──────── PROVIDED MATERIAL ────────
lemma riesz_functional_sum:
  "riesz_functional h (\<Sum>x\<in>A. f x) = (\<Sum>x\<in>A. riesz_functional h (f x))"
  by (induction A rule: infinite_finite_induct)
    (simp_all add: riesz_functional_add riesz_functional_def[of _ 0])

lemma riesz_functional_monom: "riesz_functional h (monom c k) = h k * c"
  using riesz_functional_eq_sum[of "monom c k" k h]
  by (simp add: degree_monom_le if_distrib sum.delta cong: if_cong)

lemma riesz_functional_square:
  "riesz_functional h (q * q) =
     (\<Sum>n\<le>degree q. \<Sum>m\<le>degree q. h (n + m) * coeff q n * coeff q m)"
proof -
  have "q * q = (\<Sum>n\<le>degree q. monom (coeff q n) n) * (\<Sum>m\<le>degree q. monom (coeff q m) m)"
    by (simp add: poly_as_sum_of_monoms)
  also have "\<dots> = (\<Sum>n\<le>degree q. \<Sum>m\<le>degree q. monom (coeff q n * coeff q m) (n + m))"
    by (simp add: sum_product mult_monom)
  finally show ?thesis
    by (simp add: riesz_functional_sum riesz_functional_monom mult.assoc)
qed

lemma riesz_functional_sos_nonneg:
  assumes "sos p" and "\<And>q. 0 \<le> riesz_functional h (q * q)"
  shows "0 \<le> riesz_functional h p"
  using assms(1) by induction (simp_all add: assms(2) riesz_functional_add)

lemma poly_higher_pderiv_eq_coeff_pcompose:
  "poly ((pderiv ^^ i) f) y = fact i * coeff (pcompose f [:y, 1:]) i"
proof -
  have shift: "(pderiv ^^ i) (pcompose f [:y, 1:]) = pcompose ((pderiv ^^ i) f) [:y, 1:]"
    by (induction i) (simp_all add: pderiv_pcompose pderiv_pCons)
  have "poly ((pderiv ^^ i) f) y = coeff (pcompose ((pderiv ^^ i) f) [:y, 1:]) 0"
    by (simp add: poly_pcompose poly_0_coeff_0[symmetric])
  also have "\<dots> = fact i * coeff (pcompose f [:y, 1:]) i"
    by (simp add: shift[symmetric] coeff_higher_pderiv pochhammer_fact)
  finally show ?thesis .
qed

lemma poly_diff_op:
  "poly (diff_op p f) y =
     riesz_functional (\<lambda>i. fact i * poly (p i) y) (pcompose f [:y, 1:])"
  by (simp add: diff_op_def riesz_functional_def poly_sum degree_pcompose
      poly_higher_pderiv_eq_coeff_pcompose ac_simps)

lemma positivity_preserver_diff_opI:
  assumes "\<And>y q. 0 \<le> riesz_functional (\<lambda>i. fact i * poly (p i) y) (q * q)"
  shows "positivity_preserver (diff_op p)"
  unfolding positivity_preserver_def
proof (intro allI impI)
  fix f assume "nonneg_poly f"
  then have "sos (pcompose f [:y, 1:])" for y
    by (intro nonneg_poly_imp_sos) (simp add: nonneg_poly_def poly_pcompose)
  then show "nonneg_poly (diff_op p f)"
    unfolding nonneg_poly_def poly_diff_op
    by (blast intro: riesz_functional_sos_nonneg assms)
qed

lemma neg_weighted_am_gm_le:
  fixes H D1 D2 x y \<rho> :: real
  assumes "H^2 \<le> \<rho>^2 * D1 * D2" "0 \<le> D1" "0 \<le> D2" "0 \<le> \<rho>"
  shows "- (\<rho> / 2) * (D1 * x^2 + D2 * y^2) \<le> H * x * y"
proof -
  define \<alpha> where "\<alpha> = \<rho> * D1 * x^2"
  define \<beta> where "\<beta> = \<rho> * D2 * y^2"
  have "\<bar>H * x * y\<bar>^2 = H^2 * (x^2 * y^2)" by (simp add: power_mult_distrib)
  also have "\<dots> \<le> \<rho>^2 * D1 * D2 * (x^2 * y^2)" by (rule mult_right_mono) (use assms in auto)
  also have "\<dots> = \<alpha> * \<beta>" by (simp add: \<alpha>_def \<beta>_def power2_eq_square)
  finally have "\<bar>H * x * y\<bar> \<le> sqrt (\<alpha> * \<beta>)" by (rule real_le_rsqrt)
  also have "\<dots> \<le> (\<alpha> + \<beta>) / 2"
    using assms by (intro arith_geo_mean_sqrt) (simp_all add: \<alpha>_def \<beta>_def)
  finally show ?thesis by (simp add: \<alpha>_def \<beta>_def algebra_simps)
qed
────────
• **EXERCISE OBJECTIVE**
Repeat the data in full. Nothing may be dropped or altered.

• **RESPONSE AREA**
lemma riesz_functional_sum:
  "riesz_functional h (\<Sum>x\<in>A. f x) = (\<Sum>x\<in>A. riesz_functional h (f x))"
  by (induction A rule: infinite_finite_induct)
    (simp_all add: riesz_functional_add riesz_functional_def[of _ 0])

lemma riesz_functional_monom: "riesz_functional h (monom c k) = h k * c"
  using riesz_functional_eq_sum[of "monom c k" k h]
  by (simp add: degree_monom_le if_distrib sum.delta cong: if_cong)

lemma riesz_functional_square:
  "riesz_functional h (q * q) =
     (\<Sum>n\<le>degree q. \<Sum>m\<le>degree q. h (n + m) * coeff q n * coeff q m)"
proof -
  have "q * q = (\<Sum>n\<le>degree q. monom (coeff q n) n) * (\<Sum>m\<le>degree q. monom (coeff q m) m)"
    by (simp add: poly_as_sum_of_monoms)
  also have "\<dots> = (\<Sum>n\<le>degree q. \<Sum>m\<le>degree q. monom (coeff q n * coeff q m) (n + m))"
    by (simp add: sum_product mult_monom)
  finally show ?thesis
    by (simp add: riesz_functional_sum riesz_functional_monom mult.assoc)
qed

lemma riesz_functional_sos_nonneg:
  assumes "sos p" and "\<And>q. 0 \<le> riesz_functional h (q * q)"
  shows "0 \<le> riesz_functional h p"
  using assms(1) by induction (simp_all add: assms(2) riesz_functional_add)

lemma poly_higher_pderiv_eq_coeff_pcompose:
  "poly ((pderiv ^^ i) f) y = fact i * coeff (pcompose f [:y, 1:]) i"
proof -
  have shift: "(pderiv ^^ i) (pcompose f [:y, 1:]) = pcompose ((pderiv ^^ i) f) [:y, 1:]"
    by (induction i) (simp_all add: pderiv_pcompose pderiv_pCons)
  have "poly ((pderiv ^^ i) f) y = coeff (pcompose ((pderiv ^^ i) f) [:y, 1:]) 0"
    by (simp add: poly_pcompose poly_0_coeff_0[symmetric])
  also have "\<dots> = fact i * coeff (pcompose f [:y, 1:]) i"
    by (simp add: shift[symmetric] coeff_higher_pderiv pochhammer_fact)
  finally show ?thesis .
qed

lemma poly_diff_op:
  "poly (diff_op p f) y =
     riesz_functional (\<lambda>i. fact i * poly (p i) y) (pcompose f [:y, 1:])"
  by (simp add: diff_op_def riesz_functional_def poly_sum degree_pcompose
      poly_higher_pderiv_eq_coeff_pcompose ac_simps)

lemma positivity_preserver_diff_opI:
  assumes "\<And>y q. 0 \<le> riesz_functional (\<lambda>i. fact i * poly (p i) y) (q * q)"
  shows "positivity_preserver (diff_op p)"
  unfolding positivity_preserver_def
proof (intro allI impI)
  fix f assume "nonneg_poly f"
  then have "sos (pcompose f [:y, 1:])" for y
    by (intro nonneg_poly_imp_sos) (simp add: nonneg_poly_def poly_pcompose)
  then show "nonneg_poly (diff_op p f)"
    unfolding nonneg_poly_def poly_diff_op
    by (blast intro: riesz_functional_sos_nonneg assms)
qed

lemma neg_weighted_am_gm_le:
  fixes H D1 D2 x y \<rho> :: real
  assumes "H^2 \<le> \<rho>^2 * D1 * D2" "0 \<le> D1" "0 \<le> D2" "0 \<le> \<rho>"
  shows "- (\<rho> / 2) * (D1 * x^2 + D2 * y^2) \<le> H * x * y"
proof -
  define \<alpha> where "\<alpha> = \<rho> * D1 * x^2"
  define \<beta> where "\<beta> = \<rho> * D2 * y^2"
  have "\<bar>H * x * y\<bar>^2 = H^2 * (x^2 * y^2)" by (simp add: power_mult_distrib)
  also have "\<dots> \<le> \<rho>^2 * D1 * D2 * (x^2 * y^2)" by (rule mult_right_mono) (use assms in auto)
  also have "\<dots> = \<alpha> * \<beta>" by (simp add: \<alpha>_def \<beta>_def power2_eq_square)
  finally have "\<bar>H * x * y\<bar> \<le> sqrt (\<alpha> * \<beta>)" by (rule real_le_rsqrt)
  also have "\<dots> \<le> (\<alpha> + \<beta>) / 2"
    using assms by (intro arith_geo_mean_sqrt) (simp_all add: \<alpha>_def \<beta>_def)
  finally show ?thesis by (simp add: \<alpha>_def \<beta>_def algebra_simps)
qed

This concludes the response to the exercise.